Róger Flores Solano (born 26 May 1959 in San José) is a retired Costa Rican football player, a manager and father of three.

He was the captain of the Costa Rica national football team during the 1990 FIFA World Cup held in Italy. It was the country's first World Cup ever and the national squad accomplished the historic feat of qualifying for the second round against all odds, beating teams apparently much stronger such as Scotland and Sweden. He scored a goal against Sweden, even though he was a defender.

Club career
In Costa Rica, Il Capitano (The Captain in Italian) started his career at Sagrada Familia and played for the two most popular teams, Alajuelense and Saprissa. He started out in Alajuela in the mid 80's, and was part of the team that won the CONCACAF Champions Cup in 1986. He won two national titles with Alajuelense as well. After his transfer to Saprissa, he reached the pinnacle of his career, becoming a star and the captain of the team as well of the national squad. With Saprissa, he won three more local tournaments, and another two CONCACAF Champions Cup.

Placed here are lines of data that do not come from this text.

lemma psi_real_eq: "\<psi> y \<noteq> \<infinity> \<Longrightarrow> ennreal (\<psi>_real y) = \<psi> y"
  by (simp add: \<psi>_real_def ennreal_enn2real_if)

lemma integrable_psi_real_cball: "integrable lebesgue (\<lambda>y. \<psi>_real y * indicator (\<Omega> \<inter> cball z R) y)"
proof (rule integrableI_bounded)
  show "(\<lambda>y. \<psi>_real y * indicator (\<Omega> \<inter> cball z R) y) \<in> borel_measurable lebesgue" by measurable
  have "(\<integral>\<^sup>+ y. ennreal (norm (\<psi>_real y * indicator (\<Omega> \<inter> cball z R) y)) \<partial>lebesgue)
      \<le> (\<integral>\<^sup>+ y. \<psi> y * indicator (\<Omega> \<inter> cball z R) y \<partial>lebesgue)"
    by (rule nn_integral_mono) (auto simp: indicator_def psi_real_nonneg psi_real_le)
  also have "\<dots> < \<infinity>" by (rule nn_integral_psi_cball_finite)
  finally show "(\<integral>\<^sup>+ y. ennreal (norm (\<psi>_real y * indicator (\<Omega> \<inter> cball z R) y)) \<partial>lebesgue) < \<infinity>" .
qed

definition "F z = integral\<^sup>L lebesgue (\<lambda>y. K_ext z y * \<psi>_real y)"

lemma K_ext_psi_dominated:
  assumes z: "z \<in> closure \<Omega>" and y: "K_regular y" and R: "dist z z' + r0 \<le> R"
  shows "norm (K_ext z y * \<psi>_real y) \<le> C0 * (\<psi>_real y * indicator (\<Omega> \<inter> cball z' R) y)"
proof -
  have "norm (K_ext z y * \<psi>_real y) = K_ext z y * \<psi>_real y"
    using K_ext_bounds(1)[OF z y] psi_real_nonneg by simp
  also have "\<dots> \<le> C0 * indicator (\<Omega> \<inter> cball z r0) y * \<psi>_real y"
    using K_ext_bounds(2)[OF z y] psi_real_nonneg by (rule mult_right_mono)
  also have "\<dots> \<le> C0 * (\<psi>_real y * indicator (\<Omega> \<inter> cball z' R) y)"
  proof -
    have "y \<in> cball z' R" if "y \<in> cball z r0"
      using dist_triangle[of z' y z] dist_commute[of z' z] R that by (simp add: mem_cball)
    then show ?thesis using C0_pos psi_real_nonneg[of y] by (auto simp: indicator_def)
  qed
  finally show ?thesis .
qed

lemma integrable_K_ext_psi: assumes z: "z \<in> closure \<Omega>" shows "integrable lebesgue (\<lambda>y. K_ext z y * \<psi>_real y)"
proof (rule Bochner_Integration.integrable_bound)
  show "integrable lebesgue (\<lambda>y. C0 * (\<psi>_real y * indicator (\<Omega> \<inter> cball z r0) y))"
    by (intro integrable_mult_right integrable_psi_real_cball)
  show "(\<lambda>y. K_ext z y * \<psi>_real y) \<in> borel_measurable lebesgue"
    using K_ext_measurable[OF z] psi_real_measurable by (rule borel_measurable_times)
  show "AE y in lebesgue. norm (K_ext z y * \<psi>_real y) \<le> norm (C0 * (\<psi>_real y * indicator (\<Omega> \<inter> cball z r0) y))"
    using AE_K_regular
  proof eventually_elim
    case (elim y)
    have "norm (K_ext z y * \<psi>_real y) \<le> C0 * (\<psi>_real y * indicator (\<Omega> \<inter> cball z r0) y)"
      by (rule K_ext_psi_dominated[OF z elim]) simp
    also have "\<dots> \<le> norm (C0 * (\<psi>_real y * indicator (\<Omega> \<inter> cball z r0) y))" by simp
    finally show ?case .
  qed
qed

lemma F_nonneg: assumes z: "z \<in> closure \<Omega>" shows "0 \<le> F z"
proof -
  have "AE y in lebesgue. 0 \<le> K_ext z y * \<psi>_real y"
    using AE_K_regular by eventually_elim (simp add: K_ext_bounds(1)[OF z] psi_real_nonneg)
  then show ?thesis unfolding F_def by (rule integral_nonneg_AE)
qed

lemma F_cont: "continuous_on (closure \<Omega>) F"
proof (rule continuous_on_sequentiallyI)
  fix v a0 assume v0: "\<forall>n. v n \<in> closure \<Omega>" and a0: "a0 \<in> closure \<Omega>" and lim: "v \<longlonglongrightarrow> a0"
  have v: "\<And>n. v n \<in> closure \<Omega>" using v0 by blast
  have "Bseq v" using lim by (intro convergent_imp_Bseq) (auto simp: convergent_def)
  then obtain Kb where Kb: "\<And>n. norm (v n) \<le> Kb" by (auto simp: Bseq_def)
  define R where "R = Kb + norm a0 + r0"
  have dR: "dist (v n) a0 + r0 \<le> R" for n
    using Kb[of n] norm_triangle_ineq4[of "v n" a0] by (simp add: R_def dist_norm)
  show "(\<lambda>n. F (v n)) \<longlonglongrightarrow> F a0"
    unfolding F_def
  proof (rule integral_dominated_convergence[where w="\<lambda>y. C0 * (\<psi>_real y * indicator (\<Omega> \<inter> cball a0 R) y)"])
    show "(\<lambda>y. K_ext a0 y * \<psi>_real y) \<in> borel_measurable lebesgue"
      using K_ext_measurable[OF a0] psi_real_measurable by (rule borel_measurable_times)
    show "(\<lambda>y. K_ext (v n) y * \<psi>_real y) \<in> borel_measurable lebesgue" for n
      using K_ext_measurable[OF v] psi_real_measurable by (rule borel_measurable_times)
    show "integrable lebesgue (\<lambda>y. C0 * (\<psi>_real y * indicator (\<Omega> \<inter> cball a0 R) y))"
      by (intro integrable_mult_right integrable_psi_real_cball)
    show "AE y in lebesgue. (\<lambda>n. K_ext (v n) y * \<psi>_real y) \<longlonglongrightarrow> K_ext a0 y * \<psi>_real y"
      using AE_K_regular
    proof eventually_elim
      case (elim y)
      show ?case
      proof (cases "y \<in> \<Omega>")
        case True
        obtain g where g: "continuous_on (closure \<Omega>) g" "\<forall>z\<in>closure \<Omega>. K_ext z y = g z"
          using K_ext_continuous[OF True elim] by blast
        have "(\<lambda>n. g (v n)) \<longlonglongrightarrow> g a0"
          by (intro continuous_on_tendsto_compose[OF g(1)] always_eventually) (use v a0 lim in auto)
        then have "(\<lambda>n. K_ext (v n) y) \<longlonglongrightarrow> K_ext a0 y" using g(2) v a0 by simp
        then show ?thesis by (rule tendsto_mult_right)
      qed (simp add: K_ext_outside)
    qed
    show "AE y in lebesgue. norm (K_ext (v n) y * \<psi>_real y) \<le> C0 * (\<psi>_real y * indicator (\<Omega> \<inter> cball a0 R) y)" for n
      using AE_K_regular by eventually_elim (rule K_ext_psi_dominated[OF _ _ dR], use v in auto)
  qed
qed

lemma F_pos: assumes z: "z \<in> closure \<Omega>" shows "F z > 0"
proof (rule ccontr)
  assume "\<not> F z > 0"
  then have "F z = 0" using F_nonneg[OF z] by simp
  have nnAE: "AE y in lebesgue. 0 \<le> K_ext z y * \<psi>_real y"
    using AE_K_regular by eventually_elim (simp add: K_ext_bounds(1)[OF z] psi_real_nonneg)
  have "AE y in lebesgue. K_ext z y * \<psi>_real y = 0"
    using integral_nonneg_eq_0_iff_AE[OF integrable_K_ext_psi[OF z] nnAE] \<open>F z = 0\<close> by (simp add: F_def)
  then have "AE y in lebesgue. y \<notin> \<Omega> \<inter> ball z r1"
    using AE_K_regular AE_psi_finite[of z r1]
  proof eventually_elim
    case (elim y)
    show ?case
    proof
      assume y: "y \<in> \<Omega> \<inter> ball z r1"
      have "c0 \<le> K_ext z y" using K_ext_bounds(3)[OF z elim(2)] y by simp
      then have k: "K_ext z y > 0" using const_bds by simp
      obtain c where c: "c > 0" "ennreal c \<le> \<psi> y" using psi_bounded_below y by blast
      have fin: "\<psi> y \<noteq> \<infinity>" using elim(3) y by auto
      have "0 < ennreal c" using c(1) by simp
      then have "0 < \<psi> y" using c(2) by (rule less_le_trans)
      moreover have "\<psi> y < top" using fin by (simp add: less_top)
      ultimately have "\<psi>_real y > 0" unfolding \<psi>_real_def by (simp add: enn2real_positive_iff)
      then show False using k elim(1) by simp
    qed
  qed
  note AEn = this
  have eqN: "{x \<in> space lebesgue. \<not> (x \<notin> \<Omega> \<inter> ball z r1)} = \<Omega> \<inter> ball z r1" by auto
  have sN: "\<Omega> \<inter> ball z r1 \<in> sets lebesgue" by measurable
  have "emeasure lebesgue (\<Omega> \<inter> ball z r1) = 0"
    using AEn AE_iff_measurable[OF sN eqN] by blast
  moreover have "emeasure lebesgue (\<Omega> \<inter> ball z r1) > 0" by (rule emeasure_open_Int_ball_pos[OF Omega_open z]) (use radii in simp)
  ultimately show False by (metis less_irrefl)
qed

text \<open>The candidate supersolution on \<open>\<Omega>\<close>: one smoothing step \<open>F = \<integral> K(\<cdot>,y) \<psi>(y) dy \<le> b \<psi>\<close>
  turns the merely measurable \<open>\<psi>\<close> into a function continuous up to the boundary.\<close>

definition "\<phi>_lim y = F y / b y"

lemma b_continuous: "continuous_on (closure \<Omega>) b"
  unfolding b_def[abs_def] by (intro continuous_intros a_cont)

lemma b_ge_delta: "z \<in> closure \<Omega> \<Longrightarrow> b z \<ge> \<delta>"
  by (rule continuous_ge_on_closure[OF b_continuous]) (use delta in \<open>auto simp: b_def\<close>)

lemma phi_lim_continuous: "continuous_on (closure \<Omega>) \<phi>_lim"
  unfolding \<phi>_lim_def[abs_def]
  by (intro continuous_on_divide F_cont b_continuous) (use b_ge_delta delta in force)

lemma phi_lim_pos: assumes "z \<in> closure \<Omega>" shows "\<phi>_lim z > 0"
proof -
  have "b z > 0" using b_ge_delta[OF assms] delta by linarith
  then show ?thesis using F_pos[OF assms] by (simp add: \<phi>_lim_def)
qed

He retired in 1996. As a player, he is remembered for his leadership and security on the field, and his excellent coverages of the opposing teams' strikers.

International career
Flores made his debut for Costa Rica in a March 1983 friendly match against Mexico and collected a total of 49 caps, scoring two goals. He represented his country in 18 FIFA World Cup qualification matches and played at the 1991 UNCAF Nations Cup, winning that title, and the 1991 CONCACAF Gold Cup.

His final international was a July 1991 CONCACAF Gold Cup match against Mexico.

International goals
Scores and results list Costa Rica's goal tally first.

Managerial career
After retiring, he went on to coach several teams in Costa Rica's First Division, as well as a minor national team. His first job was as coach of Goicoechea in 1996, where he was replaced by Didier Castro in March 1998. He was in charge at Santa Bárbara for only 4 weeks in 2000 and also managed Herediano.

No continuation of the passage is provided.